Like many people, I gave in to the hype and watched Palm Springs last weekend. I also watched Greyhound, but that movie hasn’t really grabbed hold of popular culture in the same way even though it has World War II, U-boats, inclement weather, and Tom Hanks. What more do people want?
Time loops. That’s what.
After watching Palm Springs, there was one main aspect that I just couldn’t stop thinking about.
Yup, that’s the one.
Would I like being in a time loop? Would I absolutely despise it? Would I get used to it? If so, how long would that take? If I were in one of those infinite time loop situations. would I be okay with it being in Palm Springs or would I want to pick some other location? What would that location be? How would I even narrow it down to just one? Does location even matter?
The scorching weather has given me yet another reason to avoid going outside this year, so I figured I’d put some of my time cooped up to good use and take a closer look at the upsides and downsides of finding yourself in Andy Samberg’s shoes.

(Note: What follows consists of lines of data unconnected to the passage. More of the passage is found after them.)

definition N_regular :: "real \<Rightarrow> (nat \<Rightarrow> real) \<Rightarrow> (nat \<Rightarrow> real) \<Rightarrow> (nat \<Rightarrow> real) \<Rightarrow> nat \<Rightarrow> bool" where
  "N_regular lam A B C N \<longleftrightarrow>
     inj_on A {..<N} \<and> inj_on B {..<N} \<and> C 0 \<noteq> C 1 \<and>
     meas_set (A ` {..<N}) \<and> meas_set (B ` {..<N}) \<and> meas_set {C 0, C 1} \<and>
     max_impossible lam (A ` {..<N}) (B ` {..<N}) {C 0, C 1} \<and>
     max_rank lam A B C N"

end

theory Submission
  imports Defs
begin

text \<open>
  An impossible event (A,B,C) -> (a,b,z) of B(\<lambda>) forces A + B = \<beta>(\<lambda>, C + z\<pi>) + (1 + a + b)\<pi>
  modulo 2\<pi>.  In an N-regular scenario this pins B down to B_K(j,l,z) and says that
  a + b differs from r(j,l,z) modulo 2.  Hence a solution of \<Psi>_0(z0) \<union> \<Psi>_1(z1), read as an
  outcome assignment completed by C_l -> z_l, makes no context impossible: under a paradox
  the system has no solution.  On the other hand K(-,l,z) is a permutation, so every unknown
  occurs in exactly one equation of each subsystem and all column sums of the coefficient
  matrix vanish over Z_2.  As the matrix has rank 2N - 1, its column space is the whole
  zero-sum hyperplane, so the system is solvable whenever the right-hand side has zero sum,
  i.e. whenever the two parities of r agree.  This gives the first claim; the second follows
  because two bits that both differ from a third one are equal.
\<close>

(* For \<zeta> = zeta \<lambda> \<gamma>: sqrt 2 <\<gamma>|v_\<lambda>> = cis (-\<gamma>) \<zeta>, sqrt 2 <\<gamma>|w_\<lambda>> = cnj \<zeta>,
   and \<beta>(\<lambda>,\<gamma>) = \<gamma> - 2 arg \<zeta>. *)
definition zeta :: "real \<Rightarrow> real \<Rightarrow> complex" where
  "zeta lam g = complex_of_real (sin (lam/2)) + complex_of_real (cos (lam/2)) * cis g"

lemma amp_Bstate:
  "4 * amp (Bstate lam) A B C a b c =
     cis (-(C + real c * pi)) * zeta lam (C + real c * pi)
     + cis (-(A + real a * pi + (B + real b * pi))) * cnj (zeta lam (C + real c * pi))"
proof -
  have "complex_of_real (sqrt 2) * (complex_of_real (sqrt 2) * complex_of_real (sqrt 2)
      * complex_of_real (sqrt 2)) = 4"
    by (simp flip: of_real_mult)
  then show ?thesis
    unfolding amp_def Bstate_def ket_def vlam_def wlam_def zeta_def
    by (simp add: UNIV_bool cis_cnj cis_mult algebra_simps)
qed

Pro: Plenty of actions, very few consequences
Theoretically speaking, you could do anything you wanted knowing that once the day ends, that particular loop ends. Part of what holds us back from doing a lot of things in life is the looming specter of consequences, but in a time loop, those consequences aren’t really a factor.

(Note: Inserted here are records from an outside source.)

(* Consider a ReLU network with $L$ hidden layers, an input point $x \in \mathbb{R}^n$, and a convex distance function $\delta$ to $x$. Let $\mathcal{G}$ be the hierarchical search graph and let $A^x := (A^x_1)$ be the $1$-layer partial activation pattern of $x$. Then for every $l \in [L]$ and every $l$-layer partial activation pattern $A$ with $R_A \neq \emptyset$, there is a path in $\mathcal{G}$ from $A^x$ to $A$ along which the values $\operatorname{dist}(R_B)$ of the visited patterns $B$ are monotonically nondecreasing.
   Context: The ReLU network with input dimension $n$ and $n_i$ neurons in hidden layer $i$ is given by $x^0 := x$, $z^{i+1} := W^i x^i + b^i$ for $i \in \{0,\dots,L-1\}$, $x^i := \max(0, z^i)$ (entrywise) for $i \in [L]$, and output $f(x) := W^L x^L + b^L$, where $W^i, b^i$ are real weight matrices and bias vectors of compatible dimensions; $z^i_j(v)$ denotes the $j$-th preactivation of layer $i$ at input $v$. For $l \in [L]$, an $l$-layer partial activation pattern is a tuple $A = (A_1,\dots,A_l)$ of functions $A_i : [n_i] \to \{-1,+1\}$; its region is $R_A := \{ v \in \mathbb{R}^n : A_i(j)\, z^i_j(v) \ge 0 \text{ for all } i \in [l], j \in [n_i]\}$ (a closed polyhedron). The activation pattern of an input $v$ has $A^v_i(j) = +1$ if $z^i_j(v) \ge 0$ and $-1$ otherwise; the $1$-layer pattern of $x$ is $(A^x_1)$. For $l \ge 2$, $\operatorname{parent}(A_1,\dots,A_l) := (A_1,\dots,A_{l-1})$, and $A$ is a child of $\operatorname{parent}(A)$. Two $l$-layer patterns are siblings if they have the same parent (for $l=1$, all $1$-layer patterns are siblings), and neighboring siblings if they differ on exactly one neuron of layer $l$. A convex distance function to $x$ is a convex, continuous function $\delta : \mathbb{R}^n \to [0,\infty)$ with bounded sublevel sets and $\delta(x)=0$ (e.g. $\delta(v) = \|v - x\|_p$); for a nonempty closed set $S$, $\operatorname{dist}(S) := \min_{v \in S}\delta(v)$. The hierarchical search graph $\mathcal{G}$ has as vertices all $l$-layer partial activation patterns with nonempty region, for $l \in [L]$; it has an edge between two $l$-layer patterns whenever they are neighboring siblings, and an edge between an $(l-1)$-layer pattern $B$ and a child $A$ of $B$ (with $R_A \neq \emptyset$) whenever $R_A$ has the smallest value of $\operatorname{dist}$ among all children of $B$ with nonempty region (equivalently $\operatorname{dist}(R_A) = \operatorname{dist}(R_B)$). *)

theory Defs
  imports "HOL-Analysis.Analysis"
begin

text \<open>A ReLU network with input space real^'n and L hidden layers.
  width i = n_i (number of neurons of hidden layer i, for i in 1..L);
  neurons are indexed 0-based, j < width i.
  W0 j :: real^'n is row j of the first weight matrix W^0, b0 j the bias b^0_j;
  W i j k is entry (j,k) of W^i (i >= 1), b i j the bias b^i_j (i >= 1).
  The output layer W^L, b^L plays no role in the statement.\<close>

fun preact :: "(nat \<Rightarrow> nat) \<Rightarrow> (nat \<Rightarrow> real^'n) \<Rightarrow> (nat \<Rightarrow> real)
      \<Rightarrow> (nat \<Rightarrow> nat \<Rightarrow> nat \<Rightarrow> real) \<Rightarrow> (nat \<Rightarrow> nat \<Rightarrow> real)
      \<Rightarrow> nat \<Rightarrow> nat \<Rightarrow> real^'n \<Rightarrow> real" where
  "preact width W0 b0 W b 0 j v = 0"
| "preact width W0 b0 W b (Suc 0) j v = W0 j \<bullet> v + b0 j"
| "preact width W0 b0 W b (Suc (Suc i)) j v =
     (\<Sum>k<width (Suc i). W (Suc i) j k * max 0 (preact width W0 b0 W b (Suc i) k v))
     + b (Suc i) j"

text \<open>An l-layer partial activation pattern (A_1,...,A_l) is a list of length l;
  entry number i (0-based) is A_{i+1} : [n_{i+1}] -> {-1,+1}, extended by 0
  outside its domain so that equality of patterns is equality of lists.\<close>

definition is_pattern :: "nat \<Rightarrow> (nat \<Rightarrow> nat) \<Rightarrow> (nat \<Rightarrow> int) list \<Rightarrow> bool" where
  "is_pattern L width A \<longleftrightarrow> 1 \<le> length A \<and> length A \<le> L \<and>
     (\<forall>i<length A. \<forall>j. (j < width (Suc i) \<longrightarrow> (A ! i) j \<in> {-1, 1}) \<and>
                         (\<not> j < width (Suc i) \<longrightarrow> (A ! i) j = 0))"

definition region :: "(nat \<Rightarrow> nat) \<Rightarrow> (nat \<Rightarrow> real^'n) \<Rightarrow> (nat \<Rightarrow> real)
      \<Rightarrow> (nat \<Rightarrow> nat \<Rightarrow> nat \<Rightarrow> real) \<Rightarrow> (nat \<Rightarrow> nat \<Rightarrow> real)
      \<Rightarrow> (nat \<Rightarrow> int) list \<Rightarrow> (real^'n) set" where
  "region width W0 b0 W b A = {v. \<forall>i<length A. \<forall>j<width (Suc i).
       real_of_int ((A ! i) j) * preact width W0 b0 W b (Suc i) j v \<ge> 0}"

There are no consequences! None!
Well, I guess that’s not entirely true in the Palm Springs universe, as it’s made clear that if you do something that results in you getting rushed to the hospital for some reason, you’ll spend more time than usual in that particular loop dealing with the repercussions before the reset button gets hit.
Aside from that, you are free and clear to do literally anything you want because literally nothing matters!
Con: Literally nothing matters
This could definitely start to become a drag after a while and it seems like you’ll be delaying the inevitable moment where you adopt a pretty nihilistic view of the looped life you’re living.
Hey, do you think that’s why Andy Samberg’s character is named Nyles? Because he’s somewhat of a nihilist? Maybe, right? After all, Nyles is an odd choice for a character name—so odd that it feels like it was picked for a reason. Could that reason be that it gives us a hint about his worldview?
Living a life that involves doing and saying things that literally don’t matter one bit would really require you to carve out a different approach; a real laissez-faire attitude. I’m honestly not sure I could pull that off.
It’s not because I need to feel like everything I do matters but I like to think at least some of my actions have at least a little bit of an impact on the world. Like, a handful of them. That’s it. But without those, it could be a tough hang.
Pro: The joy of living in the moment
This is something I would think a lot of people struggle with (myself included). In recent years, I’ve made a conscious effort to try and be more present, which is the product of spending way too many years regretting and overanalyzing my past actions and getting far too inside my head while thinking about what life had in store.
I always felt as if I had one foot in the past and one in the future, leaving me unable to ground myself in the present. It was not a good way to live.
But if the present was always the present—as would be the case in a time loop— I would have no choice but to live in it. The past literally means nothing and the future doesn’t exist. All I would have is that one day, over and over and over again.
Living in the moment would become the only option in regards to figuring out how to live. That sounds pretty good to me (not to mention pretty easy).
Con: Lack of motivation
On the other hand, living entirely in the moment kind of robs you of any legitimate desire to do anything that would alter your present situation. As a result, your motivation levels would likely be dangerously low—assuming the tank isn’t totally empty.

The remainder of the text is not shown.